Relative costs of state changes (PipelineLayout compatibility)

A while back there was this great OpenGL talk by Cass Everitt where he discusses the “Relative costs of State Changes” for OpenGL.

I’m sure most of this is still applicable in Vulkan. However, with PSOs a few of those items have been combined. Has there been anything like the above published (or just community/personal experience) which shows the costs of changing PSOs which are:

  1. Fully PipelineLayout compatible with prior binding
  2. Mostly PipelineLayout compatible with prior binding (sets 0,1,3 compatible, set 2 not)
  3. Not compatible at all with prior binding

Just to get a sense of the relative costs in those circumstances? The specification sounds like there would be expected cost savings the more compatible these are but I’m curious about real world experience.

I don’t know how to express this but here’s a rough attempt. Looking at the OpenGL bar graph above, from my understanding PSOs encapsulate:

  • Program
  • ROP
  • Vertex Format

Which are all part of the same vkCmdBindPipeline call (ignoring dynamic states for now). In the worst case scenario, where the prior PipelineLayout is not compatible (e.g. sets [1, N) are different layouts) does the relative state change costs become (in decreasing order):

  1. Render Target
  2. PSO
  3. Texture Bindings (ex. descriptor set 1)
  4. UBO Bindings (ex. descriptor set 2)
  5. Vertex Bindings
  6. Uniform Updates

Where descriptor set 0 would be frame global data and not changed.

But when the PipelineLayouts are fully compatible, would it be expected that PSO binding would drop significantly in cost, displacing the texture and UBO bindings or would it still be more expensive than texture bindings and for the most part remain at the #2 spot?

Assuming PipelineLayouts fully compatible, but I create PSOs which effectively disable certain attributes. Say, I have some objects which do not require normal mapping, and I’ve turned off the T/B attribute. In every other way the PSO is the same but the vertex format differs. Would binding this PSO only cost as much as a vertex format change or be just as expensive as a Program change?

Thanks

Yeah, I’m pretty sure it’s not. In fact, the structure of pipeline objects basically makes that chart meaningless, since each pipeline encompasses almost all of those things.

It should also be noted that a not-entirely-insignificant part of the state change cost in OpenGL comes from the cost of verifying the new state. Vulkan doesn’t do that.

That being said, 1.3 changes things, as almost every aspect of the pipeline object can be dynamic and therefore changed independently. How this affects performance would require profiling, as it would vary from hardware to hardware.

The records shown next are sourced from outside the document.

(* Let $K>0$, $K\neq 1$, and let \[ A_2=\begin{pmatrix} K & 1 & 1\\ 1 & 1 & 1\\ 1 & 1 & 1\end{pmatrix},\qquad A_3=\begin{pmatrix} 1 & 1 & 1\\ 1 & K & K\\ 1 & K & K\end{pmatrix}. \] Then $A_2$ and $A_3$ have the same Sinkhorn limit \[ S(A_2)=S(A_3)=\begin{pmatrix} a & b & b\\ b & c & c\\ b & c & c\end{pmatrix} \] with \[ a=\frac{2K+1-\sqrt{8K+1}}{2(K-1)},\qquad b=\frac{-3+\sqrt{8K+1}}{4(K-1)},\qquad c=\frac{4K-1-\sqrt{8K+1}}{8(K-1)}. \]
   Context: For a positive $n\times n$ matrix $A$, the Sinkhorn limit $S(A)$ is the unique doubly stochastic matrix of the form $XAY$ with $X,Y$ positive diagonal matrices; it is the limit of alternately row scaling (dividing each row by its row sum) and column scaling (dividing each column by its column sum) starting from $A$. For a positive symmetric matrix $A$ there is a unique positive diagonal $X$ with $S(A)=XAX$. Both matrices are of the block form with first $k=1$ row $(M,B,B)$ and last $\ell=2$ rows $(B,N,N)$ with $MN/B^2=K$; the Sinkhorn limit of such a matrix depends only on $MN/B^2$. *)

theory Defs
  imports Complex_Main
begin

text \<open>n x n real matrices are represented as functions nat => nat => real,
  with indices 0..n-1; entries outside the index range are irrelevant for
  the input, and the Sinkhorn limit is normalised to be 0 there.\<close>

definition doubly_stochastic :: "nat \<Rightarrow> (nat \<Rightarrow> nat \<Rightarrow> real) \<Rightarrow> bool" where
  "doubly_stochastic n D \<longleftrightarrow>
     (\<forall>i<n. \<forall>j<n. 0 \<le> D i j) \<and>
     (\<forall>i<n. (\<Sum>j<n. D i j) = 1) \<and>
     (\<forall>j<n. (\<Sum>i<n. D i j) = 1)"

definition diag_scaled :: "nat \<Rightarrow> (nat \<Rightarrow> nat \<Rightarrow> real) \<Rightarrow> (nat \<Rightarrow> nat \<Rightarrow> real) \<Rightarrow> bool" where
  "diag_scaled n A D \<longleftrightarrow>
     (\<exists>x y :: nat \<Rightarrow> real. (\<forall>i<n. 0 < x i) \<and> (\<forall>j<n. 0 < y j) \<and>
        (\<forall>i<n. \<forall>j<n. D i j = x i * A i j * y j))"

definition sinkhorn_limit :: "nat \<Rightarrow> (nat \<Rightarrow> nat \<Rightarrow> real) \<Rightarrow> (nat \<Rightarrow> nat \<Rightarrow> real)" where
  "sinkhorn_limit n A = (THE D. doubly_stochastic n D \<and> diag_scaled n A D \<and>
       (\<forall>i j. (n \<le> i \<or> n \<le> j) \<longrightarrow> D i j = 0))"

end

theory Submission
  imports Defs
begin

(* Two positive scalings of the same matrix are scalings of each other, so uniqueness reduces
  to: if E = diag u * D * diag v with D positive and D, E doubly stochastic, then E = D.
  For i0 minimising u and j1 maximising v, the column sum of E at j1 gives u i0 * v j1 \<le> 1 and
  the row sum at i0 gives u i0 * v j1 \<ge> 1; so the D-weighted average of v along row i0 equals
  its maximum, v is constant, and the row sums force u i * v j = 1.
  For existence, the block matrix with corner M, border B and core N scales to the one with
  entries a, b, c whenever M N / B^2 = a c / b^2, and the stated a, b, c solve a + 2b = 1,
  b + 2c = 1, a c = K b^2. *)

lemma weighted_sum_eq_max_imp_eq:
  fixes w f :: "'a \<Rightarrow> real"
  assumes "finite S" and w_pos: "\<forall>j\<in>S. 0 < w j" and le_M: "\<forall>j\<in>S. f j \<le> M"
    and avg: "(\<Sum>j\<in>S. w j * f j) = (\<Sum>j\<in>S. w j) * M" and "j \<in> S"
  shows "f j = M"
proof -
  have "(\<Sum>j\<in>S. w j * (M - f j)) = 0"
    using avg by (simp add: right_diff_distrib sum_subtractf sum_distrib_right)
  moreover have "\<forall>j\<in>S. 0 \<le> w j * (M - f j)"
    using w_pos le_M by (simp add: less_imp_le)
  ultimately have "\<forall>j\<in>S. w j * (M - f j) = 0"
    by (simp add: sum_nonneg_eq_0_iff[OF \<open>finite S\<close>])
  then show ?thesis using w_pos \<open>j \<in> S\<close> by fastforce
qed

lemma diag_scaled_between:
  assumes "diag_scaled n A D" and "diag_scaled n A E"
  shows "diag_scaled n D E"
proof -
  obtain x y where x: "\<forall>i<n. 0 < x i" and y: "\<forall>j<n. 0 < y j"
    and D: "\<forall>i<n. \<forall>j<n. D i j = x i * A i j * y j"
    using assms(1) unfolding diag_scaled_def by blast
  obtain x' y' where x': "\<forall>i<n. 0 < x' i" and y': "\<forall>j<n. 0 < y' j"
    and E: "\<forall>i<n. \<forall>j<n. E i j = x' i * A i j * y' j"
    using assms(2) unfolding diag_scaled_def by blast
  have "x i \<noteq> 0" "y j \<noteq> 0" if "i < n" "j < n" for i j
    using x y that by auto
  then have "\<forall>i<n. \<forall>j<n. E i j = x' i / x i * D i j * (y' j / y j)"
    using D E by (simp add: field_simps)
  moreover have "\<forall>i<n. 0 < x' i / x i" and "\<forall>j<n. 0 < y' j / y j"
    using x x' y y' by simp_all
  ultimately show ?thesis
    unfolding diag_scaled_def by (intro exI conjI) assumption+
qed

lemma doubly_stochastic_scaling_factor_const:
  fixes D :: "nat \<Rightarrow> nat \<Rightarrow> real"
  assumes D_pos: "\<forall>i<n. \<forall>j<n. 0 < D i j" and D_ds: "doubly_stochastic n D"
    and u: "\<forall>i<n. 0 < u i" and v: "\<forall>j<n. 0 < v j"
    and row: "\<forall>i<n. u i * (\<Sum>j<n. D i j * v j) = 1"
    and col: "\<forall>j<n. (\<Sum>i<n. u i * D i j) * v j = 1"
    and "j < n" and "k < n"
  shows "v j = v k"
proof -
  have D_row: "(\<Sum>j<n. D i j) = 1" and D_col: "(\<Sum>i<n. D i j) = 1"
    if "i < n" "j < n" for i j
    using D_ds that unfolding doubly_stochastic_def by auto
  have "{..<n} \<noteq> {}" using \<open>j < n\<close> by auto
  then obtain i0 where i0: "i0 < n" "\<forall>i<n. u i0 \<le> u i"
    using ex_is_arg_min_if_finite[of "{..<n}" u] by (auto simp: is_arg_min_linorder)
  from \<open>{..<n} \<noteq> {}\<close> obtain j1 where j1: "j1 < n" "\<forall>j<n. v j \<le> v j1"
    using ex_is_arg_min_if_finite[of "{..<n}" "\<lambda>j. - v j"] by (auto simp: is_arg_min_linorder)
  have u_i0: "0 < u i0" and v_j1: "0 < v j1" using u v i0(1) j1(1) by auto
  have "u i0 = (\<Sum>i<n. u i0 * D i j1)"
    using D_col[OF i0(1) j1(1)] by (simp add: sum_distrib_left[symmetric])
  also have "\<dots> \<le> (\<Sum>i<n. u i * D i j1)"
    using i0 D_pos j1 by (intro sum_mono) (simp add: mult_right_mono less_imp_le)
  finally have "u i0 * v j1 \<le> 1"
    using mult_right_mono[OF _ less_imp_le[OF v_j1]] col j1(1) by fastforce
  have "(\<Sum>j<n. D i0 j * v j) \<le> (\<Sum>j<n. D i0 j * v j1)"
    using j1 D_pos i0 by (intro sum_mono) (simp add: mult_left_mono less_imp_le)
  also have "\<dots> = v j1"
    using D_row[OF i0(1) j1(1)] by (simp add: sum_distrib_right[symmetric])
  finally have "1 \<le> u i0 * v j1"
    using mult_left_mono[OF _ less_imp_le[OF u_i0]] row i0(1) by fastforce
  with \<open>u i0 * v j1 \<le> 1\<close> have "u i0 * (\<Sum>j<n. D i0 j * v j) = u i0 * v j1"
    using row i0(1) by simp
  then have "(\<Sum>j<n. D i0 j * v j) = (\<Sum>j<n. D i0 j) * v j1"
    using u_i0 D_row[OF i0(1) j1(1)] by simp
  then have "v j = v j1" if "j < n" for j
    using weighted_sum_eq_max_imp_eq[of "{..<n}" "D i0" v "v j1" j] D_pos i0(1) j1 that
    by simp
  then show ?thesis using \<open>j < n\<close> \<open>k < n\<close> by simp
qed

lemma doubly_stochastic_diag_scaled_eq:
  assumes D_pos: "\<forall>i<n. \<forall>j<n. 0 < D i j"
    and D_ds: "doubly_stochastic n D" and E_ds: "doubly_stochastic n E"
    and "diag_scaled n D E" and "i < n" and "j < n"
  shows "E i j = D i j"
proof -
  obtain u v where u: "\<forall>i<n. 0 < u i" and v: "\<forall>j<n. 0 < v j"
    and E: "\<forall>i<n. \<forall>j<n. E i j = u i * D i j * v j"
    using \<open>diag_scaled n D E\<close> unfolding diag_scaled_def by blast
  have row: "\<forall>i<n. u i * (\<Sum>j<n. D i j * v j) = 1"
    using E_ds E unfolding doubly_stochastic_def by (simp add: sum_distrib_left mult.assoc)
  have col: "\<forall>j<n. (\<Sum>i<n. u i * D i j) * v j = 1"
    using E_ds E unfolding doubly_stochastic_def by (simp add: sum_distrib_right)
  note v_const = doubly_stochastic_scaling_factor_const[OF D_pos D_ds u v row col _ \<open>j < n\<close>]
  have "1 = u i * (\<Sum>k<n. D i k * v k)"
    using row \<open>i < n\<close> by simp
  also have "(\<Sum>k<n. D i k * v k) = (\<Sum>k<n. D i k) * v j"
    using v_const by (simp add: sum_distrib_right)
  also have "(\<Sum>k<n. D i k) = 1"
    using D_ds \<open>i < n\<close> unfolding doubly_stochastic_def by simp
  finally have "u i * v j = 1" by simp
  then show ?thesis using E \<open>i < n\<close> \<open>j < n\<close> by (simp add: algebra_simps)
qed

lemma sinkhorn_limit_eqI:
  assumes A_pos: "\<forall>i<n. \<forall>j<n. 0 < A i j"
    and "doubly_stochastic n D" and "diag_scaled n A D"
  shows "sinkhorn_limit n A = (\<lambda>i j. if n \<le> i \<or> n \<le> j then 0 else D i j)"
    (is "_ = ?D")
  unfolding sinkhorn_limit_def
proof (rule the_equality)
  have "doubly_stochastic n ?D" and "diag_scaled n A ?D"
    using assms unfolding doubly_stochastic_def diag_scaled_def by auto
  then show "doubly_stochastic n ?D \<and> diag_scaled n A ?D \<and>
      (\<forall>i j. (n \<le> i \<or> n \<le> j) \<longrightarrow> ?D i j = 0)"
    by simp
next
  fix E
  assume E: "doubly_stochastic n E \<and> diag_scaled n A E \<and>
      (\<forall>i j. (n \<le> i \<or> n \<le> j) \<longrightarrow> E i j = 0)"
  have D_pos: "\<forall>i<n. \<forall>j<n. 0 < D i j"
    using assms(3) A_pos unfolding diag_scaled_def by auto
  have "diag_scaled n D E"
    using diag_scaled_between[OF assms(3)] E by blast
  then have "E i j = D i j" if "i < n" "j < n" for i j
    using doubly_stochastic_diag_scaled_eq[OF D_pos assms(2)] E that by blast
  then show "E = ?D" using E by (auto simp: fun_eq_iff not_less)
qed

definition block3 :: "real \<Rightarrow> real \<Rightarrow> real \<Rightarrow> nat \<Rightarrow> nat \<Rightarrow> real" where
  "block3 m b n i j = (if i = 0 \<and> j = 0 then m else if i = 0 \<or> j = 0 then b else n)"

lemma sum_lessThan_3: "(\<Sum>j<(3::nat). f j) = f 0 + f 1 + (f 2 :: real)"
  by (simp add: eval_nat_numeral)

lemma doubly_stochastic_block3:
  assumes "0 \<le> a" "0 \<le> b" "0 \<le> c" "a + 2*b = 1" "b + 2*c = 1"
  shows "doubly_stochastic 3 (block3 a b c)"
  using assms unfolding doubly_stochastic_def block3_def sum_lessThan_3
  by (auto simp: less_Suc_eq numeral_eq_Suc)

lemma diag_scaled_block3:
  assumes "0 < M" "0 < B" "0 < N" "0 < a" "0 < b" "0 < c"
    and "a * c * B\<^sup>2 = M * N * b\<^sup>2"
  shows "diag_scaled 3 (block3 M B N) (block3 a b c)"
  unfolding diag_scaled_def
proof (intro exI conjI)
  let ?x = "\<lambda>i::nat. if i = 0 then 1 else b * M / (a * B)"
  let ?y = "\<lambda>j::nat. if j = 0 then a / M else b / B"
  show "\<forall>i<3. 0 < ?x i" and "\<forall>j<3. 0 < ?y j" using assms by auto
  have "c = b * M / (a * B) * N * (b / B)"
    using assms by (simp add: field_simps power2_eq_square)
  then show "\<forall>i<3. \<forall>j<3. block3 a b c i j = ?x i * block3 M B N i j * ?y j"
    using assms by (auto simp: block3_def)
qed

lemma sinkhorn_limit_block3:
  assumes "0 < M" "0 < B" "0 < N" "0 < a" "0 < b" "0 < c"
    and "a + 2*b = 1" "b + 2*c = 1" "a * c * B\<^sup>2 = M * N * b\<^sup>2"
  shows "sinkhorn_limit 3 (block3 M B N) =
           (\<lambda>i j. if 3 \<le> i \<or> 3 \<le> j then 0 else block3 a b c i j)"
proof (rule sinkhorn_limit_eqI)
  show "\<forall>i<3. \<forall>j<3. 0 < block3 M B N i j" using assms by (simp add: block3_def)
  show "doubly_stochastic 3 (block3 a b c)" using assms by (intro doubly_stochastic_block3) auto
  show "diag_scaled 3 (block3 M B N) (block3 a b c)" using assms by (intro diag_scaled_block3)
qed

(* With s = sqrt (8K + 1), so that K - 1 = (s + 3)(s - 3)/8, the stated entries
  rationalise to a = (s - 1)/(s + 3), b = 2/(s + 3), c = (s + 1)/(2(s + 3));
  the hypothesis K \<noteq> 1 is exactly s \<noteq> 3. *)

lemma block3_entries_rationalised:
  fixes K s :: real
  assumes s2: "s\<^sup>2 = 8*K + 1" and "0 \<le> s" and "s \<noteq> 3"
  shows "(2*K + 1 - s) / (2*(K - 1)) = (s - 1) / (s + 3)"
    and "(-3 + s) / (4*(K - 1)) = 2 / (s + 3)"
    and "(4*K - 1 - s) / (8*(K - 1)) = (s + 1) / (2*(s + 3))"
proof -
  have K: "K = (s\<^sup>2 - 1) / 8" using s2 by simp
  have "s - 3 \<noteq> 0" "s + 3 \<noteq> 0" using assms by auto
  moreover have factored: "2*K + 1 - s = (s - 1) * (s - 3) / 4" "2*(K - 1) = (s + 3) * (s - 3) / 4"
    "4*(K - 1) = (s + 3) * (s - 3) / 2"
    "4*K - 1 - s = (s + 1) * (s - 3) / 2" "8*(K - 1) = (s + 3) * (s - 3)"
    unfolding K by (simp_all add: field_simps power2_eq_square)
  ultimately show "(2*K + 1 - s) / (2*(K - 1)) = (s - 1) / (s + 3)"
    and "(-3 + s) / (4*(K - 1)) = 2 / (s + 3)"
    and "(4*K - 1 - s) / (8*(K - 1)) = (s + 1) / (2*(s + 3))"
    unfolding factored by (simp_all add: divide_simps)
qed

lemma block3_entries_solve:
  fixes K s :: real
  assumes s2: "s\<^sup>2 = 8*K + 1" and "1 < s"
  defines "a \<equiv> (s - 1) / (s + 3)" and "b \<equiv> 2 / (s + 3)" and "c \<equiv> (s + 1) / (2*(s + 3))"
  shows "0 < a" "0 < b" "0 < c" "a + 2*b = 1" "b + 2*c = 1" "a * c = K * b\<^sup>2"
proof -
  have "0 < s + 3" using \<open>1 < s\<close> by simp
  then show "0 < a" "0 < b" "0 < c" "a + 2*b = 1" "b + 2*c = 1"
    unfolding a_def b_def c_def using \<open>1 < s\<close>
    by (auto simp: divide_simps algebra_simps) (use mult_pos_pos[of s s] in linarith)+
  have "a * c = (s\<^sup>2 - 1) / (2 * (s + 3)\<^sup>2)"
    unfolding a_def c_def by (simp add: power2_eq_square algebra_simps)
  also have "\<dots> = K * b\<^sup>2"
    unfolding b_def s2 by (simp add: power_divide)
  finally show "a * c = K * b\<^sup>2" .
qed

theorem mainTheorem8:
  fixes K :: real
  assumes "0 < K" and "K \<noteq> 1"
  defines "a \<equiv> (2*K + 1 - sqrt (8*K + 1)) / (2*(K - 1))"
      and "b \<equiv> (-3 + sqrt (8*K + 1)) / (4*(K - 1))"
      and "c \<equiv> (4*K - 1 - sqrt (8*K + 1)) / (8*(K - 1))"
  shows "sinkhorn_limit 3 (\<lambda>i j. if i = 0 \<and> j = 0 then K else 1) =
           (\<lambda>i j. if 3 \<le> i \<or> 3 \<le> j then 0
                  else if i = 0 \<and> j = 0 then a else if i = 0 \<or> j = 0 then b else c)
       \<and> sinkhorn_limit 3 (\<lambda>i j. if i = 0 \<or> j = 0 then 1 else K) =
           (\<lambda>i j. if 3 \<le> i \<or> 3 \<le> j then 0
                  else if i = 0 \<and> j = 0 then a else if i = 0 \<or> j = 0 then b else c)"
proof -
  define s where "s = sqrt (8*K + 1)"
  have s2: "s\<^sup>2 = 8*K + 1" and "0 \<le> s" and "1 < s"
    using assms(1) by (auto simp: s_def)
  have "s \<noteq> 3" using s2 \<open>K \<noteq> 1\<close> by auto
  note entries = block3_entries_rationalised[OF s2 \<open>0 \<le> s\<close> \<open>s \<noteq> 3\<close>]
  have abc: "0 < a" "0 < b" "0 < c" "a + 2*b = 1" "b + 2*c = 1" "a * c = K * b\<^sup>2"
    unfolding a_def b_def c_def s_def[symmetric] entries
    using block3_entries_solve[OF s2 \<open>1 < s\<close>] by auto
  have "(\<lambda>i j. if i = 0 \<and> j = 0 then K else 1) = block3 K 1 1"
    and "(\<lambda>i j. if i = 0 \<or> j = 0 then 1 else K) = block3 1 1 K"
    and "(\<lambda>i j. if 3 \<le> i \<or> 3 \<le> j then 0
            else if i = 0 \<and> j = 0 then a else if i = 0 \<or> j = 0 then b else c) =
         (\<lambda>i j. if 3 \<le> i \<or> 3 \<le> j then 0 else block3 a b c i j)"
    by (auto simp: fun_eq_iff block3_def)
  moreover have "sinkhorn_limit 3 (block3 K 1 1) =
      (\<lambda>i j. if 3 \<le> i \<or> 3 \<le> j then 0 else block3 a b c i j)"
    and "sinkhorn_limit 3 (block3 1 1 K) =
      (\<lambda>i j. if 3 \<le> i \<or> 3 \<le> j then 0 else block3 a b c i j)"
    using abc \<open>0 < K\<close> by (auto intro!: sinkhorn_limit_block3 simp: mult.commute)
  ultimately show ?thesis by simp
qed

end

In any case, the main takeway should be this: don’t do redundant state changes where reasonable, avoid creating needlessly many pipelines that you have to change all the time, and try to have as few descriptor sets as you can get away with. Anything deeper would require specific profiling for specific hardware. None of what you’re asking about can be known a priori in Vulkan.

Also:

That’s part of the render pass. Even with render pass-less rendering in 1.3, you can’t change render targets without ending the render pass. So worrying about that is kind of pointless when you’re already having to incorporate a heavy-weight operation like that.

Isn’t there a concern that this leads back to an issue OpenGL experiences where the Pipeline might need to “re-compile” the underlying shader if, say, you enabled some state which the HW doesn’t support and so it gets “patched” into the underlying shader(s) – or is this a non-issue since the spec requires those dynamic bits to have HW support?

Currently, I’m tinkering around in a Vulkan 1.2 project but there is no requirement preventing me from upgrading. I’ll give Vulkan 1.3 spec a read.

I suppose its the “needlessly many pipelines” where I second guess myself. A basic example I can think of is normal mapping. However this could apply to other material settings which can be toggled on/off at offline SPIRV compile and runtime pipeline creation. I’ll just focus on normal mapping though.

Hypothetically, let’s say my scene has roughly 50% of the materials with normal maps and 50% without. I could do the following for the “disabled normal maps” case:

  • Offline, compile SPIRV with defines to disable normal mapping
    • Vertex attributes for tangent/bitangent omitted from Input declarations
    • Preprocessor omits code which does any normal mapping
  • Runtime, build pipelines
    • Reference the related ShaderModules from the above offline process
    • Omit tangent/bitangent vertex attributes from VertexInputState

In that case, is it an unnecessary permutation? I could technically have a pipeline which always has the vertex attributes enabled, use a default normal map texture (1x1) and use a flag in a material uniform block which indicates if normal mapping is enabled. Then only perform normal mapping in that case (dynamically uniform).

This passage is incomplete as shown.